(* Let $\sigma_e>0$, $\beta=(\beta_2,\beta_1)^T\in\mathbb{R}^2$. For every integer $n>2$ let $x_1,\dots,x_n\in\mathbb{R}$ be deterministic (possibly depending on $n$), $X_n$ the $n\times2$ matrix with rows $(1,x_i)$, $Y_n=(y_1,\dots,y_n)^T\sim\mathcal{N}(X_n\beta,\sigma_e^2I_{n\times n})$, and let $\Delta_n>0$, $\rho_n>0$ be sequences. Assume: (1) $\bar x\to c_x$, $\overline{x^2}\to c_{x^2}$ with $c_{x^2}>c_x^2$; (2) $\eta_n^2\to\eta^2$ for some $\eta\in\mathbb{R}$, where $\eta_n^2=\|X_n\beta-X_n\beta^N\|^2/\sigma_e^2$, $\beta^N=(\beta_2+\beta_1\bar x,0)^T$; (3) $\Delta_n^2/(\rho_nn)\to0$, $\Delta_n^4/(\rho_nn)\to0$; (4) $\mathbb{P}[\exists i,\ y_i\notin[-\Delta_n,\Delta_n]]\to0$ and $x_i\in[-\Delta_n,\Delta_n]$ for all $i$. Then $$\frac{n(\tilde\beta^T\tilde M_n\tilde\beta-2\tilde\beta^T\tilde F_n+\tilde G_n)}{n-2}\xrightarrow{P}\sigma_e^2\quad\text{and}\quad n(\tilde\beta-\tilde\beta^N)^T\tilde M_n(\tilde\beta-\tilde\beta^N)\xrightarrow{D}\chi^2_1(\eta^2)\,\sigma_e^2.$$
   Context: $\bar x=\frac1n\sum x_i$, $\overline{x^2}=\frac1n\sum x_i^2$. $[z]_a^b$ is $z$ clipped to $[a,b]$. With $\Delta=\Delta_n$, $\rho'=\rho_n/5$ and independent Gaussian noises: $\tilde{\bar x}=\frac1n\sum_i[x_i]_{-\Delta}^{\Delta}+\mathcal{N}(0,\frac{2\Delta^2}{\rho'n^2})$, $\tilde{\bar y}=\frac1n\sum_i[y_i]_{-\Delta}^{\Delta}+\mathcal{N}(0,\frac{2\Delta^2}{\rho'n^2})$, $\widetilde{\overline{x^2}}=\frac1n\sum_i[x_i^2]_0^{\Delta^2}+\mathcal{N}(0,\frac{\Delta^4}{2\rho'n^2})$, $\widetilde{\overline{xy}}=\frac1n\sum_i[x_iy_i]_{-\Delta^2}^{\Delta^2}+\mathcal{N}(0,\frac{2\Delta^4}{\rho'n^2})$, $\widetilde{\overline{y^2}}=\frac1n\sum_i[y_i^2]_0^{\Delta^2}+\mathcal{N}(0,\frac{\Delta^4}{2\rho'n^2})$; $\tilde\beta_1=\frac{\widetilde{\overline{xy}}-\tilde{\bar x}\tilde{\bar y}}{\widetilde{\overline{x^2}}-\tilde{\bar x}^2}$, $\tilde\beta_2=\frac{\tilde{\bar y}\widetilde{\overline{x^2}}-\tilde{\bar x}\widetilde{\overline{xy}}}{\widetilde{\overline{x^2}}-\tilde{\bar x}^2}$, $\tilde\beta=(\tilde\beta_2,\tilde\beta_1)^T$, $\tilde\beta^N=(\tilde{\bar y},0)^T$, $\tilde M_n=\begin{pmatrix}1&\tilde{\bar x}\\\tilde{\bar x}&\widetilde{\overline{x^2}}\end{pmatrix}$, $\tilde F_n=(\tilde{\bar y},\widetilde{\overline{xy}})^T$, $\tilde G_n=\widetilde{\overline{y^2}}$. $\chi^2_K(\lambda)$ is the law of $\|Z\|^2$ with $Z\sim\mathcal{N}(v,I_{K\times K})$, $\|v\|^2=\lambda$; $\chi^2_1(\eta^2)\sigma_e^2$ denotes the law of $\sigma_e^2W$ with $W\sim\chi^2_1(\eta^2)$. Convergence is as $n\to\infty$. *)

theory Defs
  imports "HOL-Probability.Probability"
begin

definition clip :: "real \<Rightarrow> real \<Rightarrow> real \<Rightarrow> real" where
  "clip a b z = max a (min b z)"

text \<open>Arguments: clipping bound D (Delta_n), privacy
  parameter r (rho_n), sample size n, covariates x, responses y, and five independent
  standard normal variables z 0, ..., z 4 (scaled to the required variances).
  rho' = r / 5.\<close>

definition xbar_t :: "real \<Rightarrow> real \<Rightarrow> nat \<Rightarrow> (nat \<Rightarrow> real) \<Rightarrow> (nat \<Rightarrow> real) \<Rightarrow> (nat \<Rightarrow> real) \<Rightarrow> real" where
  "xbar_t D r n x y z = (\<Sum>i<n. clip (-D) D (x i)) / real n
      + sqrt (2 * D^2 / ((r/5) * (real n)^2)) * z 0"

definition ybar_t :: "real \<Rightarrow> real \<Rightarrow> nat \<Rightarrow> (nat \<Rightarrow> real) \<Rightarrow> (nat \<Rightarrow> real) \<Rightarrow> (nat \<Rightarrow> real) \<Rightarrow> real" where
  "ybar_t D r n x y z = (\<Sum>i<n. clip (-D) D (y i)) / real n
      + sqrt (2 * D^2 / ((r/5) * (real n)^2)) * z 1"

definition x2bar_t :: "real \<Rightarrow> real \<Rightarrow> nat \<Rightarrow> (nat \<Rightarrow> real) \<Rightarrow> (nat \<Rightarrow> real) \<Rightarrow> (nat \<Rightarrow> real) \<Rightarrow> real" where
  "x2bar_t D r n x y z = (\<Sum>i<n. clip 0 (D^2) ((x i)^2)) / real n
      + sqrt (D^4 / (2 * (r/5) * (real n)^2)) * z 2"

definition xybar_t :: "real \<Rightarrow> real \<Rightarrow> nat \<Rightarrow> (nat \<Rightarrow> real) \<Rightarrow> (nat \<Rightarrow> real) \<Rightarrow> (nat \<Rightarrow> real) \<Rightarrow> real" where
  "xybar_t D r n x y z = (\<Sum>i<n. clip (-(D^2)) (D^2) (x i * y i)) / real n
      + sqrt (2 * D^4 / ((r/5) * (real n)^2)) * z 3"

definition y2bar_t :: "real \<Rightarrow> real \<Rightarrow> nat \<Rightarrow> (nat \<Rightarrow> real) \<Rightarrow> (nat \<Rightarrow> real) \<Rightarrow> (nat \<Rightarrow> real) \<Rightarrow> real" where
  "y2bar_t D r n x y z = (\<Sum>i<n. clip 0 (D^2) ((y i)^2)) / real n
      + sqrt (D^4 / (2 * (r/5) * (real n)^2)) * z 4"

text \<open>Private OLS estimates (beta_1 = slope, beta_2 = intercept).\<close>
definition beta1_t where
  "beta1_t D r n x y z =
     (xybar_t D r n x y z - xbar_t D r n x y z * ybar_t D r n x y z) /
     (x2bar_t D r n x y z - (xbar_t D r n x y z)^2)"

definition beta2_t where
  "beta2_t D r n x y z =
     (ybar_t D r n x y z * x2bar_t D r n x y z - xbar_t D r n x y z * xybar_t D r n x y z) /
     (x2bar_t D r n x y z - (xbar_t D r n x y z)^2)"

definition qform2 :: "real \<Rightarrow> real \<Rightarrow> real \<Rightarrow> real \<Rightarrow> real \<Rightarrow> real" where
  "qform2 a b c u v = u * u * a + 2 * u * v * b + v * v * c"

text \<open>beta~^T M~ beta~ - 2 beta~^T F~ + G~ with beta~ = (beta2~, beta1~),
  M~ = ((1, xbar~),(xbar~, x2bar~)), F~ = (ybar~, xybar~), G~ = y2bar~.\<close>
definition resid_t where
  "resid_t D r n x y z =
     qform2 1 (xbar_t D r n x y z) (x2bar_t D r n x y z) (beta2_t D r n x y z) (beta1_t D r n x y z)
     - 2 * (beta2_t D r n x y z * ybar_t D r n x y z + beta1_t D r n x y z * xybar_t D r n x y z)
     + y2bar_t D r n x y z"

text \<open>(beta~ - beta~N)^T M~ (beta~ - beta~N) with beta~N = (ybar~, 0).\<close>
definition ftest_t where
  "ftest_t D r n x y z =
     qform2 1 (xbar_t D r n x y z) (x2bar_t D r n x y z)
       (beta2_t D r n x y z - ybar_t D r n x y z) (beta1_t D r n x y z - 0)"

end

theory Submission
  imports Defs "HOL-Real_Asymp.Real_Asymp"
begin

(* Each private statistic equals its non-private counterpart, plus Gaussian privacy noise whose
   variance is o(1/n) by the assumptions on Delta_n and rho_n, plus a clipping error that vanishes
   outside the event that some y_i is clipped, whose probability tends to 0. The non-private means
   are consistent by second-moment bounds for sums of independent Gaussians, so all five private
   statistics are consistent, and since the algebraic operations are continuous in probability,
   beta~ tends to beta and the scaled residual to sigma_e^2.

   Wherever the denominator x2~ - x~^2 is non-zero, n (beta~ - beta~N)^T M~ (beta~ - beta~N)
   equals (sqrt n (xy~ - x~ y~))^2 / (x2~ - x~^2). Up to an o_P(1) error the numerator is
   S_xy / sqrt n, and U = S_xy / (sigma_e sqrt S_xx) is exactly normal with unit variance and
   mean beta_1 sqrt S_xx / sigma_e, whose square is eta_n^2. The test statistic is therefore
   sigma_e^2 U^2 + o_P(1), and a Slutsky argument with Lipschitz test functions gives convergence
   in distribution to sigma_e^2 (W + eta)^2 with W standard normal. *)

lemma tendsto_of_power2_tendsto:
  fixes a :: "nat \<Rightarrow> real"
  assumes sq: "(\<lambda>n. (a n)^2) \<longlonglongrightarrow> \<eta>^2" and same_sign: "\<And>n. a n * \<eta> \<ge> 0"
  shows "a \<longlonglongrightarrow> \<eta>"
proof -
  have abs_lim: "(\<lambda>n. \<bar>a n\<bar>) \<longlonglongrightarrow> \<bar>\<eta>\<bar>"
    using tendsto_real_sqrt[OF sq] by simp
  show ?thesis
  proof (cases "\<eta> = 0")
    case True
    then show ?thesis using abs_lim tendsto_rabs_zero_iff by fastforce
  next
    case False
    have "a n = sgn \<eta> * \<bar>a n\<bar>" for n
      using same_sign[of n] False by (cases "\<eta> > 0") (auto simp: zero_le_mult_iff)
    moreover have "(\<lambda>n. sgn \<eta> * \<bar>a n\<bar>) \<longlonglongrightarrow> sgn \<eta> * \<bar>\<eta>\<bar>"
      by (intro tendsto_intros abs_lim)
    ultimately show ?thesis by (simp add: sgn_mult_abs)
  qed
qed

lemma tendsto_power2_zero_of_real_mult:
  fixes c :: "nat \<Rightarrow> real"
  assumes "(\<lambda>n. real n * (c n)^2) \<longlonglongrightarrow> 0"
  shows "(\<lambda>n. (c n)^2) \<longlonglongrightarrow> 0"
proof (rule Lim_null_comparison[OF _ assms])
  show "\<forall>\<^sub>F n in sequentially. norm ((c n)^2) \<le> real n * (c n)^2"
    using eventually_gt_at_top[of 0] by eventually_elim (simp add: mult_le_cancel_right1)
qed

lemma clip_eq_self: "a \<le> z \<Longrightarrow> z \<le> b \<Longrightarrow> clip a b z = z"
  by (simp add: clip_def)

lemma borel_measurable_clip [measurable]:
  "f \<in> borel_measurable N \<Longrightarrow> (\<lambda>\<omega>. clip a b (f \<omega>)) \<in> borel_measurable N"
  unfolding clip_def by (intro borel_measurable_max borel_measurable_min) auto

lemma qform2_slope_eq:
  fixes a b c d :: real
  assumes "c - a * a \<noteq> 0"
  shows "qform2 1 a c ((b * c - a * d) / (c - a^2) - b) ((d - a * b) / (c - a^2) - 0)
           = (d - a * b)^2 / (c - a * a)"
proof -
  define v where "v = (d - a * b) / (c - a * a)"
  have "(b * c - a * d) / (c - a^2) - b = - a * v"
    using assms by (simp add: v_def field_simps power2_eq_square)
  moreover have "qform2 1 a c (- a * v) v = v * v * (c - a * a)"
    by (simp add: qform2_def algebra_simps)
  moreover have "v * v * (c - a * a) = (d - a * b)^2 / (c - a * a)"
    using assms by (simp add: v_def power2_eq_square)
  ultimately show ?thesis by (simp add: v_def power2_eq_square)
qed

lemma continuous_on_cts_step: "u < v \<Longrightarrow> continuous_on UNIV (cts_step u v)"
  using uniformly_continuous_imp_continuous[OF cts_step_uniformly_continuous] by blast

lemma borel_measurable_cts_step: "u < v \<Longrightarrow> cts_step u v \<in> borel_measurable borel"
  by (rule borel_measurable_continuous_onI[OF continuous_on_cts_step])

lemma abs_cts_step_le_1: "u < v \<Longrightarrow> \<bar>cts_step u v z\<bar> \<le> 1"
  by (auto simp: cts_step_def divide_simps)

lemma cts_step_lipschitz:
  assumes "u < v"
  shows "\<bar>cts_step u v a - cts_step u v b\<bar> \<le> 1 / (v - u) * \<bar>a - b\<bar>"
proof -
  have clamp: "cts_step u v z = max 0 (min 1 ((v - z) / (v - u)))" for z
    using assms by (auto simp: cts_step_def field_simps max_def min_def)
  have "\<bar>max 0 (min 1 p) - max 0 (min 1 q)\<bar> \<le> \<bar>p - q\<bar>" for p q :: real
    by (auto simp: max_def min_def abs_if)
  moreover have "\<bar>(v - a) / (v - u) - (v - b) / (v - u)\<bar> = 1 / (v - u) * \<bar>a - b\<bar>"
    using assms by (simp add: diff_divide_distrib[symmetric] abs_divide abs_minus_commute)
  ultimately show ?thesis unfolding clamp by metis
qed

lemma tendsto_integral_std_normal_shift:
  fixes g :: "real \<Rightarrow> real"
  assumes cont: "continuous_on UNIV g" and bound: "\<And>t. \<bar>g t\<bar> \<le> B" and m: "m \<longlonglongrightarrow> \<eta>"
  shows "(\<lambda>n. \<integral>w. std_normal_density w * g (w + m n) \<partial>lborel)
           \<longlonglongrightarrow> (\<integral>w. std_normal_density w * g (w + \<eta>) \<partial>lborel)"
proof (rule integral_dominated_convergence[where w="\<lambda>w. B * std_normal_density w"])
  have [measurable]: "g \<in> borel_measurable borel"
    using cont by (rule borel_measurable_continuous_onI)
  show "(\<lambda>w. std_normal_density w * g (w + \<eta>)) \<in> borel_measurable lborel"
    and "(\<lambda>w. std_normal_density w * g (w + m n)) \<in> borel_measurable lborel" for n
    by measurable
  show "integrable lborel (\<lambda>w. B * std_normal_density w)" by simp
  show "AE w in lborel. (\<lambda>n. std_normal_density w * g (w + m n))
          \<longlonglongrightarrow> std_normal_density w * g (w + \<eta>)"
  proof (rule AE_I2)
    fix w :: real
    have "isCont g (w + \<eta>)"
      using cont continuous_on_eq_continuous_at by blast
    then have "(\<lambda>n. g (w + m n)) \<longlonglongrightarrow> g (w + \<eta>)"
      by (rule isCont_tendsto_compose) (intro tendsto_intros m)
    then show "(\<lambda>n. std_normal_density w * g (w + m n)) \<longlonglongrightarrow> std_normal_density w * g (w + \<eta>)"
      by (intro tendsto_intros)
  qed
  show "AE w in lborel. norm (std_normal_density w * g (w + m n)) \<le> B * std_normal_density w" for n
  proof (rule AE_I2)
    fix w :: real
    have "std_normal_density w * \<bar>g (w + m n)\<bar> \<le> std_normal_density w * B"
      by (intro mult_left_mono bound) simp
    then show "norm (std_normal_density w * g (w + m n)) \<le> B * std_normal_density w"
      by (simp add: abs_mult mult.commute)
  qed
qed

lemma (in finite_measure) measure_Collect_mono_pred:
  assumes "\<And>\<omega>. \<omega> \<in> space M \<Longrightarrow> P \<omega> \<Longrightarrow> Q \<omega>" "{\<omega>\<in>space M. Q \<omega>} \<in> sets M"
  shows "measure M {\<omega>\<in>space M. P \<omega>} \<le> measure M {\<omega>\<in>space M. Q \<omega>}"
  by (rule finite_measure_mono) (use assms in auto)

#### Problem to solve:
Show the lines above that include "fixes".

#### Output of the task:
  fixes a :: "nat \<Rightarrow> real"
  fixes c :: "nat \<Rightarrow> real"
  fixes a b c d :: real
  fixes g :: "real \<Rightarrow> real"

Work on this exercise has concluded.